Introduction by Lisa Yaszek
III. Golden Age to New Wave

Shadow on the Hearth by Judith Merril

Judith Merril’s novel SHADOW ON THE HEARTH (1950) was adapted for The Motorola Television Hour as “Atomic Attack.”

Science fiction’s Golden Age—from 1940 to 1960, approximately—saw the genre move from the margins of the culture toward its center. For women who began writing during these years, including Judith Merril, Carol Emshwiller, Andre Norton, and others who have been all but lost to history, SF magazines proliferated and paid them increasingly well for their work; a new generation of editors demanded better-crafted sentences and new approaches to already established themes. Book publishers, both genre-specialist and mainstream, increasingly sought story collections, novels, and anthologies.

Enabling professional literary careers for some of the writers included in The Future Is Female!, growing audiences also enjoyed SF radio shows, comic books, and movies; Merril became the first woman (and one of the first authors of any gender) to have her SF adapted for television. In the wake of Hiroshima and Nagasaki, the stakes involved in speculation about the future increased exponentially, drawing mainstream authors and critical attention to the genre.
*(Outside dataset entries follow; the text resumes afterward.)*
lemma PDA_column_unique:
  assumes "is_PDA S F K Z r" "k < K" "j1 < F" "j2 < F" "r j1 k = Some t" "r j2 k = Some t"
  shows "j1 = j2"
proof -
  have "\<forall>k<K. \<forall>j1<F. \<forall>j2<F. \<forall>t. r j1 k = Some t \<and> r j2 k = Some t \<longrightarrow> j1 = j2"
    using assms(1) unfolding is_PDA_def by (elim conjE)
  then show ?thesis using assms(2-) by blast
qed

lemma PDA_cross_empty:
  assumes "is_PDA S F K Z r" "j1 < F" "j2 < F" "k1 < K" "k2 < K" "(j1, k1) \<noteq> (j2, k2)"
    "r j1 k1 = Some t" "r j2 k2 = Some t"
  shows "r j1 k2 = None"
proof -
  have "\<forall>j1<F. \<forall>j2<F. \<forall>k1<K. \<forall>k2<K. \<forall>t.
      (j1, k1) \<noteq> (j2, k2) \<and> r j1 k1 = Some t \<and> r j2 k2 = Some t \<longrightarrow>
      r j1 k2 = None \<and> r j2 k1 = None"
    using assms(1) unfolding is_PDA_def by (elim conjE)
  then show ?thesis using assms(2-) by blast
qed

lemma PDA_card_filled_column:
  assumes "is_PDA S F K Z r" and "k < K"
  shows "card {j. j < F \<and> r j k \<noteq> None} = F - Z"
proof -
  have "{j. j < F \<and> r j k \<noteq> None} = {..<F} - {j. j < F \<and> r j k = None}" by auto
  then show ?thesis
    using PDA_card_empty[OF assms] by (simp add: card_Diff_subset subset_eq)
qed

lemma PDA_card_occurrences:
  assumes P: "is_PDA S F K Z r"
  shows "card {(k, j). k < K \<and> j < F \<and> r j k = Some t} \<le> Z + 1"
proof -
  define A where "A = {(k, j). k < K \<and> j < F \<and> r j k = Some t}"
  have "card A \<le> Z + 1"
  proof (cases "A = {}")
    case False
    then obtain k0 j0 where kj0: "(k0, j0) \<in> A" by auto
    then have k0: "k0 < K" "j0 < F" "r j0 k0 = Some t" unfolding A_def by auto
    have fin: "finite A" unfolding A_def
      by (rule finite_subset[of _ "{..<K} \<times> {..<F}"]) auto
    have "inj_on snd (A - {(k0, j0)})"
    proof (rule inj_onI)
      fix p q assume "p \<in> A - {(k0, j0)}" "q \<in> A - {(k0, j0)}" "snd p = snd q"
      then obtain k1 k2 j where "p = (k1, j)" "q = (k2, j)" "j < F" "k1 < K" "k2 < K"
          "r j k1 = Some t" "r j k2 = Some t"
        unfolding A_def by auto
      then show "p = q" using PDA_row_unique[OF P] by blast
    qed
    then have "card (A - {(k0, j0)}) = card (snd ` (A - {(k0, j0)}))"
      by (simp add: card_image)
    also have "\<dots> \<le> card {j. j < F \<and> r j k0 = None}"
    proof (rule card_mono)
      show "snd ` (A - {(k0, j0)}) \<subseteq> {j. j < F \<and> r j k0 = None}"
      proof
        fix j assume "j \<in> snd ` (A - {(k0, j0)})"
        then obtain p where "p \<in> A - {(k0, j0)}" "j = snd p" by blast
        then obtain k where "(k, j) \<in> A - {(k0, j0)}" by (cases p) simp
        then have "k < K" "j < F" "r j k = Some t" "(j, k) \<noteq> (j0, k0)"
          unfolding A_def by auto
        then show "j \<in> {j. j < F \<and> r j k0 = None}"
          using PDA_cross_empty[OF P _ k0(2) _ k0(1)] k0(3) by blast
      qed
    qed simp
    also have "\<dots> = Z" using PDA_card_empty[OF P k0(1)] .
    finally show ?thesis using kj0 fin by (simp add: card_Diff_singleton)
  qed simp
  then show ?thesis unfolding A_def .
qed

lemma PDA_card_symbols_lower_bound:
  assumes P: "is_PDA S F K Z r"
  shows "K * (F - Z) \<le> (Z + 1) * card S"
proof -
  have fin: "finite S" using PDA_finite[OF P] .
  define occ where "occ t = {(k, j). k < K \<and> j < F \<and> r j k = Some t}" for t
  define filled where "filled = (SIGMA k:{..<K}. {j. j < F \<and> r j k \<noteq> None})"
  have "card filled = (\<Sum>k<K. card {j. j < F \<and> r j k \<noteq> None})"
    unfolding filled_def by (rule card_SigmaI) auto
  also have "\<dots> = K * (F - Z)" using PDA_card_filled_column[OF P] by simp
  finally have "K * (F - Z) = card filled" ..
  also have "\<dots> \<le> card (\<Union>t\<in>S. occ t)"
  proof (rule card_mono)
    show "finite (\<Union>t\<in>S. occ t)"
      using fin unfolding occ_def
      by (intro finite_UN_I) (auto intro: finite_subset[of _ "{..<K} \<times> {..<F}"])
    show "filled \<subseteq> (\<Union>t\<in>S. occ t)"
      unfolding filled_def occ_def by (auto intro: PDA_symbol_mem[OF P])
  qed
  also have "\<dots> \<le> (\<Sum>t\<in>S. card (occ t))" by (rule card_UN_le[OF fin])
  also have "\<dots> \<le> (\<Sum>t\<in>S. Z + 1)"
    by (rule sum_mono) (use PDA_card_occurrences[OF P] in \<open>simp add: occ_def\<close>)
  finally show ?thesis by (simp add: mult.commute)
qed

lemma PDA_card_ge_ceiling:
  assumes "is_PDA S F K Z r"
  shows "\<lceil>real (K * (F - Z)) / real (Z + 1)\<rceil> \<le> int (card S)"
proof -
  have "real (K * (F - Z)) \<le> real (Z + 1) * real (card S)"
    using PDA_card_symbols_lower_bound[OF assms] by (metis of_nat_le_iff of_nat_mult)
  then show ?thesis by (simp add: ceiling_le_iff divide_le_eq mult.commute)
qed

lemma s_PDA_eq_if_RPDA:
  assumes "is_PDA (S :: nat set) F K Z r"
    and "int (card S) = \<lceil>real (K * (F - Z)) / real (Z + 1)\<rceil>"
  shows "s_PDA F K Z = card S"
  unfolding s_PDA_def
proof (rule Least_equality)
  show "\<exists>(S' :: nat set) r. is_PDA S' F K Z r \<and> card S' = card S" using assms(1) by blast
  show "card S \<le> n" if n: "\<exists>(S' :: nat set) r. is_PDA S' F K Z r \<and> card S' = n" for n
  proof -
    obtain S' :: "nat set" and r' where "is_PDA S' F K Z r'" "card S' = n" using n by blast
    then have "int (card S) \<le> int n" using PDA_card_ge_ceiling assms(2) by metis
    then show ?thesis by simp
  qed
qed

lemma is_PDA_map_option:
  assumes P: "is_PDA S F K Z r" and inj: "inj_on f S"
  shows "is_PDA (f ` S) F K Z (\<lambda>j k. map_option f (r j k))"
proof -
  have same_symbol: "\<exists>u. r j1 k1 = Some u \<and> r j2 k2 = Some u"
    if f_eq: "map_option f (r j1 k1) = Some t" "map_option f (r j2 k2) = Some t"
      and idx: "j1 < F" "j2 < F" "k1 < K" "k2 < K" for j1 j2 k1 k2 t
  proof -
    obtain u1 u2 where u: "r j1 k1 = Some u1" "r j2 k2 = Some u2" "f u1 = f u2"
      using f_eq by auto
    have "u1 = u2"
      using inj_onD[OF inj u(3)] PDA_symbol_mem[OF P idx(1,3) u(1)] PDA_symbol_mem[OF P idx(2,4) u(2)] .
    then show ?thesis using u by blast
  qed
  show ?thesis unfolding is_PDA_def
  proof (intro conjI allI impI)
    show "finite (f ` S)" using PDA_finite[OF P] by simp
    show "t \<in> f ` S" if "j < F" "k < K" "map_option f (r j k) = Some t" for j k t
      using that PDA_symbol_mem[OF P that(1,2)] by auto
    show "card {j. j < F \<and> map_option f (r j k) = None} = Z" if "k < K" for k
      using PDA_card_empty[OF P that] by simp
    show "k1 = k2" if idx: "j < F" "k1 < K" "k2 < K"
      and eq: "map_option f (r j k1) = Some t \<and> map_option f (r j k2) = Some t" for j k1 k2 t
    proof -
      obtain u where "r j k1 = Some u" "r j k2 = Some u"
        using same_symbol[of j k1 t j k2] idx eq by blast
      then show ?thesis by (rule PDA_row_unique[OF P idx])
    qed
    show "j1 = j2" if idx: "k < K" "j1 < F" "j2 < F"
      and eq: "map_option f (r j1 k) = Some t \<and> map_option f (r j2 k) = Some t" for k j1 j2 t
    proof -
      obtain u where "r j1 k = Some u" "r j2 k = Some u"
        using same_symbol[of j1 k t j2 k] idx eq by blast
      then show ?thesis by (rule PDA_column_unique[OF P idx])
    qed
    show "map_option f (r j1 k2) = None" "map_option f (r j2 k1) = None"
      if idx: "j1 < F" "j2 < F" "k1 < K" "k2 < K" and eq: "(j1, k1) \<noteq> (j2, k2) \<and>
        map_option f (r j1 k1) = Some t \<and> map_option f (r j2 k2) = Some t" for j1 j2 k1 k2 t
    proof -
      obtain u where u: "r j1 k1 = Some u" "r j2 k2 = Some u"
        using same_symbol[of j1 k1 t j2 k2] idx eq by blast
      have "(j1, k1) \<noteq> (j2, k2)" "(j2, k2) \<noteq> (j1, k1)" using eq by auto
      then show "map_option f (r j1 k2) = None" "map_option f (r j2 k1) = None"
        using PDA_cross_empty[OF P idx _ u] PDA_cross_empty[OF P idx(2,1,4,3) _ u(2,1)]
        by simp_all
    qed
  qed
qed

lemma PDA_exists_nat_symbols:
  assumes "is_PDA S F K Z r"
  shows "\<exists>(S' :: nat set) r'. is_PDA S' F K Z r' \<and> card S' = card S"
proof -
  obtain f and n :: nat where "inj_on f S" "f ` S = {..<n}"
    using finite_imp_inj_to_nat_seg[OF PDA_finite[OF assms]] by (metis lessThan_def)
  then show ?thesis using is_PDA_map_option[OF assms] card_image by blast
qed

lemma finite_subsets_card: "finite A \<Longrightarrow> finite {B. B \<subseteq> A \<and> card B = n}"
  by (rule finite_subset[of _ "Pow A"]) auto

lemma is_PDA_subset_array:
  fixes p :: "nat \<Rightarrow> nat"
  assumes inj: "inj_on (\<lambda>k. (p k, T k)) {..<K}"
    and T: "\<And>k. k < K \<Longrightarrow> p k < l \<and> T k \<subseteq> {..<F} \<and> card (T k) = Z"
  shows "is_PDA ({..<l} \<times> {B. B \<subseteq> {..<F} \<and> card B = Z + 1}) F K Z
           (\<lambda>j k. if j \<in> T k then None else Some (p k, insert j (T k)))"
    (is "is_PDA ?S F K Z ?r")
proof -
  have fin: "finite (T k)" if "k < K" for k
    using T[OF that] finite_subset by blast
  have same_column: "k1 = k2"
    if "k1 < K" "k2 < K" "p k1 = p k2" "insert j (T k1) = insert j (T k2)"
       "j \<notin> T k1" "j \<notin> T k2" for j k1 k2
  proof -
    have "T k1 = T k2" using that(4-6) by (metis Diff_insert_absorb)
    then show ?thesis using inj_onD[OF inj] that(1-3) by simp
  qed
  have crossing: "j1 \<in> T k2"
    if "k1 < K" "k2 < K" "(j1, k1) \<noteq> (j2, k2)" "?r j1 k1 = Some t" "?r j2 k2 = Some t"
    for j1 j2 k1 k2 t
  proof -
    have eq: "p k1 = p k2" "insert j1 (T k1) = insert j2 (T k2)" "j1 \<notin> T k1" "j2 \<notin> T k2"
      using that(4,5) by (auto split: if_splits)
    have "j1 \<noteq> j2"
    proof
      assume "j1 = j2"
      then have "k1 = k2" using same_column[OF that(1,2) eq(1)] eq(2-4) by simp
      with \<open>j1 = j2\<close> show False using that(3) by simp
    qed
    then show ?thesis using eq(2) by blast
  qed
  show ?thesis unfolding is_PDA_def
  proof (intro conjI allI impI)
    show "finite ?S" by (rule finite_cartesian_product) (simp_all add: finite_subsets_card)
    show "t \<in> ?S" if "j < F" "k < K" "?r j k = Some t" for j k t
      using that T[OF \<open>k < K\<close>] fin[OF \<open>k < K\<close>] by (auto split: if_splits)
    show "card {j. j < F \<and> ?r j k = None} = Z" if "k < K" for k
      using T[OF that] by (simp add: Int_absorb1 Collect_conj_eq flip: lessThan_def)
    show "k1 = k2" if "j < F" "k1 < K" "k2 < K" "?r j k1 = Some t \<and> ?r j k2 = Some t"
      for j k1 k2 t
    proof -
      have "p k1 = p k2" "insert j (T k1) = insert j (T k2)" "j \<notin> T k1" "j \<notin> T k2"
        using that(4) by (auto split: if_splits)
      then show ?thesis by (rule same_column[OF that(2,3)])
    qed
    show "j1 = j2" if "k < K" "j1 < F" "j2 < F" "?r j1 k = Some t \<and> ?r j2 k = Some t"
      for k j1 j2 t
      using that by (auto split: if_splits)
    show "?r j1 k2 = None"
      if "j1 < F" "j2 < F" "k1 < K" "k2 < K"
        "(j1, k1) \<noteq> (j2, k2) \<and> ?r j1 k1 = Some t \<and> ?r j2 k2 = Some t" for j1 j2 k1 k2 t
      using crossing[of k1 k2 j1 j2 t] that by simp
    show "?r j2 k1 = None"
      if "j1 < F" "j2 < F" "k1 < K" "k2 < K"
        "(j1, k1) \<noteq> (j2, k2) \<and> ?r j1 k1 = Some t \<and> ?r j2 k2 = Some t" for j1 j2 k1 k2 t
      using crossing[of k2 k1 j2 j1 t] that by auto
  qed
qed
By the 1960s, with the advent of the Space Age, some of the wildest imaginings of the genre’s pioneers had become matters of fact: supercomputers, robots, lasers, and lunar exploration programs were now entirely real. For the generation of women beginning their careers during these years—writers including Sonya Dorman, Ursula K. Le Guin, and Joanna Russ—changing times seemed to have overtaken much of the SF they had grown up reading. Rethinking their predecessors’ often utopian investments in the world-altering potential of the hard sciences, they turned to psychology, anthropology, and sociology, and to modernity’s many discontents, exploring themes like consumerism, overpopulation, virtual reality, corporatism, and the technoscientific manipulation of sex and gender.

Ursula K. Le Guin and Joanna Russ

Ursula K. Le Guin and Joanna Russ (dates unknown).

Most notably, these “New Wave” writers (as they came to be called) not only experimented with more contemporary subject matter but with form, style, and modes of expression. For inspiration, some looked to avant-gardes in art, music, and literature, as well as to futurity. More than ever before, they saw their stories appear in literary or mainstream magazines, and deliberately crossed genres; the “science fiction” of earlier generations became, more popularly, “speculative fiction.”